Presto supports the following data formats:

  • Hive tables in the Cloud and HDFS.
  • Delimited, CSV, RCFile, JSON, SequenceFile, ORC, Avro, and Parquet. Other file formats are also supported by adding relevant jars to Presto through the Presto Server Bootstrap.
  • Data-compressed using GZIP.
  • Hive ACID tables is currently supported in Presto version 317 (beta). For more information, see Using ACID Tables in Presto.

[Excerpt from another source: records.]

lemma Jn_Suc_le:
  assumes m: "m > 0" and \<gamma>: "\<gamma> < 4 * m\<^sup>2"
  shows "Jn m (Suc (Suc n)) \<gamma> \<le> Jn m (Suc n) \<gamma> / (4 * m\<^sup>2 - \<gamma>)"
proof -
  have "Jn m (Suc (Suc n)) \<gamma> \<le> (LINT M:{4 * m\<^sup>2..}|lborel. 1 / (4 * m\<^sup>2 - \<gamma>) * (rho m M / (M - \<gamma>) ^ Suc n))"
    unfolding Jn_def
  proof (rule set_integral_mono)
    show "set_integrable lborel {4 * m\<^sup>2..} (\<lambda>M. rho m M / (M - \<gamma>) ^ Suc (Suc n))"
      by (rule set_integrable_rho_inverse_power[OF m \<gamma>])
    show "set_integrable lborel {4 * m\<^sup>2..} (\<lambda>M. 1 / (4 * m\<^sup>2 - \<gamma>) * (rho m M / (M - \<gamma>) ^ Suc n))"
      by (rule set_integrable_mult_right[OF set_integrable_rho_inverse_power[OF m \<gamma>]])
  next
    fix M assume "M \<in> {4 * m\<^sup>2..}"
    then have "4 * m\<^sup>2 - \<gamma> \<le> M - \<gamma>" "0 < 4 * m\<^sup>2 - \<gamma>" "0 \<le> rho m M"
      using \<gamma> rho_nonneg[of m M] by auto
    then show "rho m M / (M - \<gamma>) ^ Suc (Suc n) \<le> 1 / (4 * m\<^sup>2 - \<gamma>) * (rho m M / (M - \<gamma>) ^ Suc n)"
      by (simp add: frac_le mult_mono)
  qed
  then show ?thesis
    unfolding set_integral_mult_right by (simp add: Jn_def)
qed

lemma Jn_difference_eq_set_integral:
  fixes h :: real
  assumes m: "m > 0" and \<gamma>: "\<gamma> < 4 * m\<^sup>2" "\<gamma> + h < 4 * m\<^sup>2"
  shows "Jn m (Suc n) (\<gamma> + h) - Jn m (Suc n) \<gamma> - h * (Suc n * Jn m (Suc (Suc n)) \<gamma>)
    = (LINT M:{4 * m\<^sup>2..}|lborel. rho m M / (M - (\<gamma> + h)) ^ Suc n - rho m M / (M - \<gamma>) ^ Suc n
        - (h * Suc n) * (rho m M / (M - \<gamma>) ^ Suc (Suc n)))"
proof -
  have i1: "set_integrable lborel {4 * m\<^sup>2..} (\<lambda>M. rho m M / (M - (\<gamma> + h)) ^ Suc n)"
    and i2: "set_integrable lborel {4 * m\<^sup>2..} (\<lambda>M. rho m M / (M - \<gamma>) ^ Suc n)"
    and i3: "set_integrable lborel {4 * m\<^sup>2..} (\<lambda>M. rho m M / (M - \<gamma>) ^ Suc (Suc n))"
    using \<gamma> by (blast intro: set_integrable_rho_inverse_power[OF m])+
  show ?thesis
    unfolding set_integral_diff(2)[OF set_integral_diff(1)[OF i1 i2] set_integrable_mult_right[OF i3]]
      set_integral_diff(2)[OF i1 i2] set_integral_mult_right
    by (simp add: Jn_def)
qed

Advantages of QDS Presto Clusters

  • You can optimize your clusters by choosing the instance type most suitable to your workload.
  • You can launch clusters in any region or location.
  • QDS provides Cloud-specific optimizations.
  • By default, QDS automatically terminates idle clusters to save cost.
  • QDS starts clusters only when necessary– when a query is run and no Presto cluster is running; otherwise QDS reuses a cluster that is already running.
  • Autoscaling continuously adjusts the cluster size to the Presto workload.
  • You can configure the amount of cluster memory allocated for Presto.

A Better User Experience

  • Multiple QDS users can submit queries to the same Presto cluster.
  • Query logs and results are always available (use the History tab on the Analyze page of the QDS UI).
  • QDS provides detailed execution metrics for each Presto query.
  • Users can create workflows that combine Hadoop jobs, Hive queries, and Presto queries.

Security

QDS can provide table-level security for Hive tables accessed via Presto; to enable it, set hive.security to sql-standard in catalog/hive.properties. See Understanding Qubole Hive Authorization for more information.